Data entries:
──────

lemma is_lfact_first_longest:
  assumes "is_lfact (f # fs) w" "lyndon p" "w = p @ z"
  shows "length p \<le> length f"
proof (rule ccontr)
  assume "\<not> length p \<le> length f"
  have lf: "\<forall>g\<in>set (f # fs). lyndon g" "concat (f # fs) = w" "sorted_wrt (\<lambda>a b. b \<le> a) (f # fs)"
    using assms(1) by (auto simp: is_lfact_iff)
  have fn: "f \<noteq> []" using lf lyndon_nonempty by auto
  from lf(2) assms(3) have "f @ concat fs = p @ z" by simp
  then obtain us where "f = p @ us \<and> us @ concat fs = z \<or> f @ us = p \<and> concat fs = us @ z"
    using append_eq_append_conv2[of f "concat fs" p z] by blast
  moreover have "\<not> (f = p @ us)" using \<open>\<not> length p \<le> length f\<close> by auto
  ultimately have h: "f @ us = p" "concat fs = us @ z" by auto
  then have usn: "us \<noteq> []" using \<open>\<not> length p \<le> length f\<close> by auto
  have "\<forall>g\<in>set fs. g \<noteq> []" using lf lyndon_nonempty by auto
  from concat_prefix_decomp[OF this h(2) usn] obtain i q y where
    iq: "i < length fs" "q \<noteq> []" "fs ! i = q @ y" "us = concat (take i fs) @ q" by blast
  have "p = (f @ concat (take i fs)) @ q" using h iq by simp
  then have "p < q" using lyndonD[OF assms(2) _ iq(2)] fn by auto
  moreover have "q \<le> fs ! i" using iq le_append by metis
  moreover have "fs ! i \<le> f" using lf(3) iq(1) by (auto simp: set_conv_nth)
  moreover have "f \<le> p" using h le_append by metis
  ultimately show False by simp
qed

lemma is_lfact_tail: "is_lfact (f # fs) w \<Longrightarrow> is_lfact fs (concat fs)"
  by (auto simp: is_lfact_iff)

lemma is_lfact_unique: "is_lfact fs w \<Longrightarrow> is_lfact gs w \<Longrightarrow> fs = gs"
proof (induction fs arbitrary: gs w)
  case Nil
  then have "concat gs = []" "\<forall>g\<in>set gs. lyndon g" by (auto simp: is_lfact_iff)
  then show ?case using lyndon_nonempty by (cases gs) auto
next
  case (Cons f fs)
  have "f \<noteq> []" "w = f @ concat fs" using Cons.prems(1) lyndon_nonempty by (auto simp: is_lfact_iff)
  then have "w \<noteq> []" by simp
  then obtain g gs' where gs: "gs = g # gs'" using Cons.prems by (cases gs) (auto simp: is_lfact_iff)
  have lg: "lyndon g" "lyndon f" using Cons.prems gs by (auto simp: is_lfact_iff)
  have wg: "w = g @ concat gs'" "w = f @ concat fs" using Cons.prems gs by (auto simp: is_lfact_iff)
  have "length g \<le> length f" using is_lfact_first_longest[OF Cons.prems(1) lg(1) wg(1)] .
  moreover have "length f \<le> length g" using is_lfact_first_longest[OF Cons.prems(2)[unfolded gs] lg(2) wg(2)] .
  ultimately have "length f = length g" by simp
  then have fg: "f = g" "concat fs = concat gs'" using wg append_eq_append_conv[of f g "concat fs" "concat gs'"] by auto
  have "fs = gs'"
    using Cons.IH[OF is_lfact_tail[OF Cons.prems(1)]] is_lfact_tail[OF Cons.prems(2)[unfolded gs]] fg by simp
  then show ?case using fg gs by simp
qed

lemma longest_lyndon_prefix_ge:
  assumes "lyndon p" "lyndon g" "w = p @ g @ z"
    and longest: "\<And>q y. lyndon q \<Longrightarrow> w = q @ y \<Longrightarrow> length q \<le> length p"
  shows "g \<le> p"
proof (rule ccontr)
  assume "\<not> g \<le> p"
  then have "lyndon (p @ g)" using lyndon_append[OF assms(1,2)] by simp
  then have "length (p @ g) \<le> length p" using longest[of "p @ g" z] \<open>w = p @ g @ z\<close> by simp
  then show False using lyndon_nonempty[OF \<open>lyndon g\<close>] by simp
qed

text \<open>The first factor is the longest Lyndon prefix.\<close>

lemma is_lfact_exists: "\<exists>fs. is_lfact fs w"
proof (induction "length w" arbitrary: w rule: less_induct)
  case less
  show ?case
  proof (cases "w = []")
    case True
    then show ?thesis by (intro exI[of _ "[]"]) (simp add: is_lfact_iff)
  next
    case False
    define P where "P = {i. 1 \<le> i \<and> i \<le> length w \<and> lyndon (take i w)}"
    have "finite P" by (auto simp: P_def)
    moreover have "1 \<in> P" using False lyndon_singleton by (cases w) (auto simp: P_def)
    ultimately have m: "Max P \<in> P" and m_max: "\<And>i. i \<in> P \<Longrightarrow> i \<le> Max P"
      using Max_in Max_ge by blast+
    define p where "p = take (Max P) w"
    define z where "z = drop (Max P) w"
    have lp: "lyndon p" and len_p: "length p = Max P" using m by (auto simp: P_def p_def)
    have wpz: "w = p @ z" by (simp add: p_def z_def)
    have longest: "length q \<le> length p" if "lyndon q" "w = q @ y" for q y
      using m_max[of "length q"] that lyndon_nonempty[OF that(1)] len_p by (auto simp: P_def Suc_le_eq)
    have "length z < length w" using m by (auto simp: z_def P_def)
    then obtain gs where gs: "is_lfact gs z" using less by blast
    have "\<forall>g\<in>set gs. g \<le> p"
    proof (cases gs)
      case (Cons g1 rest)
      then have "g1 \<le> p"
        using longest_lyndon_prefix_ge[OF lp _ _ longest] gs wpz by (auto simp: is_lfact_iff)
      then show ?thesis using gs Cons by (auto simp: is_lfact_iff)
    qed simp
    then have "is_lfact (p # gs) w" using gs lp wpz by (auto simp: is_lfact_iff)
    then show ?thesis by blast
  qed
qed

lemma lfact_eqI: "is_lfact fs w \<Longrightarrow> lfact w = fs"
  unfolding lfact_def using is_lfact_unique by blast

lemma is_lfact_lfact: "is_lfact (lfact w) w"
  using is_lfact_exists[of w] lfact_eqI by metis

lemma concat_lfact: "concat (lfact w) = w"
  using is_lfact_lfact[of w] by (simp add: is_lfact_iff)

──────

_What to do_:
Taking the records above as a whole, work out how many of their lines hold the word "lemma". The reply should be that number alone.

_Exercise output_:
8